As well as freeways and open country roads, we were treated to a fantastic run through some tight and twisty stuff and the GX showed that it shares its well-sorted chassis characteristics with its siblings. With a 232kg kerb weight, it’s a bit heftier than the 226kg GT, but that extra weight is hard to pick when throwing the GX from side to side. The upright riding position and wide handlebar make changes of direction a doddle and, like the other GSX-S models, it doesn’t take long before you’re entirely confident in the front end.
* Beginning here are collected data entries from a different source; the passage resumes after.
lemma kmult_codegree_codegree: "kmult X codegree codegree = kmult Y walks3 adj"
  unfolding walks3_def by (simp add: codegree_def kmult_assoc)

lemma codegree_square_of_unique_walks_upto3:
  assumes unique: "\<And>x y. x \<in> X \<Longrightarrow> y \<in> Y \<Longrightarrow> adj x y + nbwalks3 x y = 1"
    and "x \<in> X" "x' \<in> X"
  shows "kmult X codegree codegree x x' = (real m + real b - 2) * codegree x x' + m"
proof -
  define c where "c = real m + real b - 2"
  have "kmult X codegree codegree x x' = kmult Y (\<lambda>x y. c * adj x y + 1) adj x x'"
    unfolding kmult_codegree_codegree c_def using walks3_of_unique_walks_upto3[OF unique \<open>x \<in> X\<close>]
    by (intro kmult_cong) auto
  also have "\<dots> = c * codegree x x' + (\<Sum>y\<in>Y. adj y x')"
    unfolding codegree_def kmult_affine_left by simp
  finally show ?thesis using sum_adj_row' \<open>x' \<in> X\<close> by (simp add: c_def)
qed

lemma kmult_codegree_walks3_of_unique_walks_upto5:
  assumes unique: "\<And>x y. x \<in> X \<Longrightarrow> y \<in> Y \<Longrightarrow> adj x y + nbwalks3 x y + nbwalks5 x y = 1"
    and x: "x \<in> X" and y: "y \<in> Y"
  shows "kmult X codegree walks3 x y = 2 * (real m + real b - 2) * walks3 x y
    - ((real m - 1)^2 + (real m - 1) * (real b - 1) + (real b - 1)^2) * adj x y + 1"
proof -
  define c where "c = real m + real b - 1"
  have nb5: "nbwalks5 x y = 1 - adj x y - nbwalks3 x y" using unique[OF x y] by simp
  have "kmult X codegree walks3 x y = kmult X codegree (\<lambda>x' y. nbwalks3 x' y + c * adj x' y) x y"
    unfolding c_def using walks3_eq y by (intro kmult_cong) auto
  also have "\<dots> = kmult X codegree nbwalks3 x y + c * walks3 x y"
    unfolding walks3_def kmult_def by (simp add: algebra_simps sum.distrib sum_distrib_left)
  also have "\<dots> = 2 * (real m + real b - 2) * walks3 x y
    - ((real m - 1)^2 + (real m - 1) * (real b - 1) + (real b - 1)^2) * adj x y + 1"
    unfolding kmult_codegree_nbwalks3[OF x y] walks3_eq[OF x y] c_def nb5
    by (simp add: algebra_simps power2_eq_square)
  finally show ?thesis .
qed

lemma codegree_cube_of_unique_walks_upto5:
  assumes unique: "\<And>x y. x \<in> X \<Longrightarrow> y \<in> Y \<Longrightarrow> adj x y + nbwalks3 x y + nbwalks5 x y = 1"
    and x: "x \<in> X" and x': "x' \<in> X"
  shows "kmult X codegree (kmult X codegree codegree) x x'
    = 2 * (real m + real b - 2) * kmult X codegree codegree x x'
      - ((real m - 1)^2 + (real m - 1) * (real b - 1) + (real b - 1)^2) * codegree x x' + m"
proof -
  define s where "s = 2 * (real m + real b - 2)"
  define p where "p = (real m - 1)^2 + (real m - 1) * (real b - 1) + (real b - 1)^2"
  have "kmult X codegree (kmult X codegree codegree) x x' = kmult Y (kmult X codegree walks3) adj x x'"
    unfolding kmult_codegree_codegree by (simp add: kmult_assoc)
  also have "\<dots> = kmult Y (\<lambda>x y. s * walks3 x y - p * adj x y + 1) adj x x'"
    unfolding s_def p_def using kmult_codegree_walks3_of_unique_walks_upto5[OF unique x] by (intro kmult_cong) auto
  also have "\<dots> = s * kmult Y walks3 adj x x' - p * codegree x x' + (\<Sum>y\<in>Y. adj y x')"
    unfolding codegree_def kmult_affine2_left by simp
  finally show ?thesis
    using sum_adj_row'[OF x'] by (simp add: s_def p_def kmult_codegree_codegree)
qed

lemma card_X_of_unique_walks:
  fixes f :: "'a \<Rightarrow> 'a \<Rightarrow> real"
  assumes "x \<in> X" and "0 < m" and "\<And>y. y \<in> Y \<Longrightarrow> f x y = 1"
    and "(\<Sum>y\<in>Y. f x y) = real m * K"
  shows "real (card X) = real b * K"
proof -
  have "real (card Y) = real m * K" using assms(3,4) by simp
  moreover have "real (card X) * real m = real (card Y) * real b"
    using edge_count by (simp only: of_nat_mult[symmetric])
  ultimately have "real (card X) * real m = real b * K * real m" by (simp add: ac_simps)
  then show ?thesis using \<open>0 < m\<close> by simp
qed

lemma codegree_square_diag_of_unique_walks_upto5:
  assumes unique: "\<And>x y. x \<in> X \<Longrightarrow> y \<in> Y \<Longrightarrow> adj x y + nbwalks3 x y + nbwalks5 x y = 1"
    and x: "x \<in> X"
  shows "kmult X codegree codegree x x = (real m + real b - 1) * real m"
proof -
  have "walks3 x y * adj y x = (real m + real b - 1) * adj x y" if y: "y \<in> Y" for y
  proof -
    have "nbwalks3 x y * adj x y = 0"
      using unique[OF x y] adj_cases[of x y] nbwalks3_eq_card[of x y] nbwalks5_eq_card[of x y] by auto
    moreover have "walks3 x y * adj y x
        = nbwalks3 x y * adj x y + (real m + real b - 1) * (adj x y * adj x y)"
      unfolding walks3_eq[OF x y] adj_sym[of y x] by (simp add: algebra_simps)
    ultimately show ?thesis using adj_cases[of x y] by auto
  qed
  then have "kmult X codegree codegree x x = (\<Sum>y\<in>Y. (real m + real b - 1) * adj x y)"
    unfolding kmult_codegree_codegree kmult_def by (intro sum.cong) auto
  then show ?thesis using sum_adj_row[OF x] by (simp add: sum_distrib_left[symmetric])
qed

lemma dvd_of_unique_walks_upto3:
  assumes "X \<noteq> {}" and "2 \<le> m" and "1 \<le> b"
    and unique: "\<And>x y. x \<in> X \<Longrightarrow> y \<in> Y \<Longrightarrow> adj x y + nbwalks3 x y = 1"
  shows "(int m + int b - 2) dvd int m * int b * (int m - 1) * (int b - 1)"
proof -
  define n where "n = real (card X)"
  define \<kappa> where "\<kappa> = real m * real b"
  define K where "K = 1 + (real m - 1) * (real b - 1)"
  obtain x where x: "x \<in> X" using \<open>X \<noteq> {}\<close> by auto
  have n: "n = real b * K" unfolding n_def
    by (rule card_X_of_unique_walks[where f = "\<lambda>x y. adj x y + nbwalks3 x y", OF x _ unique[OF x]])
      (use x \<open>2 \<le> m\<close> in \<open>simp_all add: sum.distrib sum_adj_row sum_nbwalks3 K_def
        distrib_left mult.assoc\<close>)
  have "n \<noteq> 0" using x finite_X by (auto simp: n_def)
  have "(\<Sum>x\<in>X. codegree x x - \<kappa> / n) / (real m + real b - 2) \<in> \<nat>"
    unfolding n_def
  proof (rule trace_div_Nats_of_regular_square_eq[where P = codegree and \<mu> = "real m"])
    show "real (card X) * real m = \<kappa>^2 - (real m + real b - 2) * \<kappa>"
      unfolding n[unfolded n_def] \<kappa>_def K_def by (simp add: algebra_simps power2_eq_square)
  qed (use \<open>2 \<le> m\<close> \<open>1 \<le> b\<close> in \<open>simp_all add: finite_X \<kappa>_def sum_codegree sum_codegree'
      codegree_square_of_unique_walks_upto3[OF unique]\<close>)
  moreover have "(\<Sum>x\<in>X. codegree x x - \<kappa> / n) = n * (real m - \<kappa> / n)"
    by (simp add: codegree_diag n_def)
  moreover have "n * (real m - \<kappa> / n) = n * real m - \<kappa>"
    using \<open>n \<noteq> 0\<close> by (simp add: field_simps)
  moreover have "\<dots> = real m * real b * (real m - 1) * (real b - 1)"
    unfolding n \<kappa>_def K_def by (simp add: algebra_simps)
  ultimately have "real m * real b * (real m - 1) * (real b - 1) / (real m + real b - 2) \<in> \<nat>"
    by simp
  then show ?thesis using \<open>2 \<le> m\<close> \<open>1 \<le> b\<close> by (intro int_dvd_of_div_Nats) simp_all
qed

lemma dvd_of_unique_walks_upto5:
  assumes "X \<noteq> {}" and "2 \<le> m" and "1 \<le> b"
    and unique: "\<And>x y. x \<in> X \<Longrightarrow> y \<in> Y \<Longrightarrow> adj x y + nbwalks3 x y + nbwalks5 x y = 1"
  shows "((int m - 1)^2 + (int m - 1) * (int b - 1) + (int b - 1)^2) dvd
    int m * int b * ((int m - 1) * (int b - 1)) * ((int m + int b - 3) * (1 + (int m - 1) * (int b - 1)) + 1)"
proof -
  define n where "n = real (card X)"
  define \<kappa> where "\<kappa> = real m * real b"
  define r where "r = (real m - 1) * (real b - 1)"
  define s where "s = 2 * (real m + real b - 2)"
  define p where "p = (real m - 1)^2 + (real m - 1) * (real b - 1) + (real b - 1)^2"
  obtain x where x: "x \<in> X" using \<open>X \<noteq> {}\<close> by auto
  have n: "n = real b * (1 + r + r^2)" unfolding n_def
    by (rule card_X_of_unique_walks[where f = "\<lambda>x y. adj x y + nbwalks3 x y + nbwalks5 x y",
          OF x _ unique[OF x]])
      (use x \<open>2 \<le> m\<close> in \<open>simp_all add: sum.distrib sum_adj_row sum_nbwalks3 sum_nbwalks5 r_def
        distrib_left mult.assoc\<close>)
  have "n \<noteq> 0" using x finite_X by (auto simp: n_def)
  have "0 < (real m - 1)^2" and "0 \<le> (real m - 1) * (real b - 1)"
    using \<open>2 \<le> m\<close> \<open>1 \<le> b\<close> by auto
  then have "p \<noteq> 0" unfolding p_def by (smt (verit) zero_le_power2)
  have "(\<Sum>x\<in>X. s * (codegree x x - \<kappa> / n) - (kmult X codegree codegree x x - \<kappa>^2 / n)) / p \<in> \<nat>"
    unfolding n_def
  proof (rule trace_div_Nats_of_regular_cube_eq[where P = codegree and \<mu> = "real m"])
    show "real (card X) * real m = \<kappa>^3 - s * \<kappa>^2 + p * \<kappa>"
      unfolding n[unfolded n_def] \<kappa>_def s_def p_def r_def
      by (simp add: algebra_simps power2_eq_square power3_eq_cube)
  qed (use \<open>p \<noteq> 0\<close> in \<open>simp_all add: finite_X \<kappa>_def sum_codegree sum_codegree' s_def p_def
      codegree_cube_of_unique_walks_upto5[OF unique]\<close>)
  moreover have "(\<Sum>x\<in>X. s * (codegree x x - \<kappa> / n) - (kmult X codegree codegree x x - \<kappa>^2 / n))
      = n * (s * (real m - \<kappa> / n) - ((real m + real b - 1) * real m - \<kappa>^2 / n))"
    by (simp add: codegree_diag codegree_square_diag_of_unique_walks_upto5[OF unique] n_def)
  moreover have "n * (s * (real m - \<kappa> / n) - ((real m + real b - 1) * real m - \<kappa>^2 / n))
      = s * (n * real m - \<kappa>) - (n * (real m + real b - 1) * real m - \<kappa>^2)"
    using \<open>n \<noteq> 0\<close> by (simp add: field_simps)
  moreover have "\<dots> = real m * real b * r * ((real m + real b - 3) * (1 + r) + 1)"
    unfolding n \<kappa>_def s_def r_def by (simp add: algebra_simps power2_eq_square)
  ultimately have "real m * real b * r * ((real m + real b - 3) * (1 + r) + 1) / p \<in> \<nat>"
    by simp
  then show ?thesis using \<open>p \<noteq> 0\<close> by (intro int_dvd_of_div_Nats) (simp_all add: p_def r_def)
qed

end

section \<open>Bipartite biregular graphs without short cycles\<close>

locale bipartite_biregular_large_girth = bipartite_biregular +
  fixes L :: nat
  assumes no_short_cycle: "\<And>k. 3 \<le> k \<Longrightarrow> k \<le> L \<Longrightarrow> \<not> has_cycle_of_length V E k"
begin

lemmas nb_walks_unique = non_backtracking_walks_unique[OF simple no_short_cycle]

lemma nbwalks3_le_1:
  assumes "6 \<le> L"
  shows "nbwalks3 x y \<le> 1"
proof -
  let ?W = "(Y - {y}) \<times> (X - {x}) \<inter> {(y1, x1). E x y1 \<and> E y1 x1 \<and> E x1 y}"
  have unique: "p = q" if "p \<in> ?W" "q \<in> ?W" for p q
  proof -
    obtain y1 x1 y1' x1' where pq: "p = (y1, x1)" "q = (y1', x1')" by fastforce
    have "3 = (3::nat) \<and> (\<forall>i\<le>3. [x, y1, x1, y] ! i = [x, y1', x1', y] ! i)"
      using that \<open>6 \<le> L\<close> unfolding pq
      by (intro nb_walks_unique[where w = "nth [x, y1, x1, y]" and w' = "nth [x, y1', x1', y]"])
        (auto simp: walk_list_simps)
    from this[THEN conjunct2, rule_format, of 1] this[THEN conjunct2, rule_format, of 2]
    show ?thesis unfolding pq by (simp add: numeral_2_eq_2)
  qed
  have "finite ?W" using finite_X finite_Y by auto
  then have "card ?W \<le> Suc 0" using unique by (subst card_le_Suc0_iff_eq) blast+
  then show ?thesis unfolding nbwalks3_eq_card by simp
qed

lemma nbwalks5_le_1:
  assumes "10 \<le> L"
  shows "nbwalks5 x y \<le> 1"
proof -
  let ?W = "(SIGMA y1:Y. SIGMA x1:X-{x}. SIGMA y2:Y-{y1,y}. X-{x1})
    \<inter> {(y1, x1, y2, x2). E x y1 \<and> E y1 x1 \<and> E x1 y2 \<and> E y2 x2 \<and> E x2 y}"
  have unique: "p = q" if "p \<in> ?W" "q \<in> ?W" for p q
  proof -
    obtain y1 x1 y2 x2 where p: "p = (y1, x1, y2, x2)" by (cases p rule: prod_cases4) blast
    obtain y1' x1' y2' x2' where q: "q = (y1', x1', y2', x2')" by (cases q rule: prod_cases4) blast
    have "5 = (5::nat) \<and> (\<forall>i\<le>5. [x, y1, x1, y2, x2, y] ! i = [x, y1', x1', y2', x2', y] ! i)"
      using that \<open>10 \<le> L\<close> unfolding p q
      by (intro nb_walks_unique[where w = "nth [x, y1, x1, y2, x2, y]"
            and w' = "nth [x, y1', x1', y2', x2', y]"]) (auto simp: walk_list_simps)
    from this[THEN conjunct2, rule_format, of 1] this[THEN conjunct2, rule_format, of 2]
      this[THEN conjunct2, rule_format, of 3] this[THEN conjunct2, rule_format, of 4]
    show ?thesis unfolding p q by (simp add: eval_nat_numeral)
  qed
  have "finite ?W" using finite_X finite_Y by auto
  then have "card ?W \<le> Suc 0" using unique by (subst card_le_Suc0_iff_eq) blast+
  then show ?thesis unfolding nbwalks5_eq_card by simp
qed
This is not surprising when you consider the similarities between the three models, right down to the same Dunlop Sportmax Roadsport 2 rubber.

That front-end confidence is backed up by the braking package – Brembo calipers grip twin 310mm discs up front while there’s a Nissin caliper at the rear and 220mm disc – the front offering exceptional feel at the span-adjustable lever. The GX also features Suzuki Deceleration Damping Control (SDDC) that uses info from the IMU to adjust suspension damping to match deceleration, minimising fork dive when braking hard. You can’t actually feel SDDC doing its thing, but it does its job in the background and there’s certainly no evidence of excessive fork dive when late braking into corners, or even when performing emergency stops.

Front-end confidence is backed up by an excellent Brembo braking system

There are plenty of Suzuki acronyms on the GX I haven’t mentioned, such as SRAS (Suzuki Road Adaptive Stabilisation) that recognises cobblestones or other uneven surfaces and triggers SFRC (Suzuki Floating Ride Control), which smooths throttle response and adjusts front and rear damping to suit. While there were no cobblestones on the launch ride, there was a short gravel road section that the GX dealt with admirably, and a few level railway crossings that didn’t faze it.

After a full day in the saddle, I began to think that crossover is a pretty apt term to describe the GSX-S1000GX. It really is sporty when you want it to be but can quickly transform into a comfortable backroads tourer at the press of a button, and thanks to its semi-active suspension it’s a pleasure to ride over a wide variety of road surfaces. And the 19-litre tank should allow for around 300km between refills.

Importantly for this style of bike, the GX is also supremely comfortable thanks to its upright riding position, generous 845mm-high seat, and high and wide ’bar. Compared to the GT, the GX’s handlebar is angled so it’s 55mm closer to the rider, while it’s 50mm longer resulting in a 14mm wider grip placement. Likewise, the GX seat is 35mm taller than the GT’s so the rider’s legs aren’t bent as much.

The screen can be set at three heights, but you need to unbolt it to adjust. Getting it how you like it will be a case of trial and error then set and forget. Having said that, the middle position suited my 167cm height nicely and the plastic handguards provided a bit of extra weather protection. The pillion seat is more than an afterthought too, and the rear carrier incorporates big grab handles for pillions and makes it easy to secure luggage.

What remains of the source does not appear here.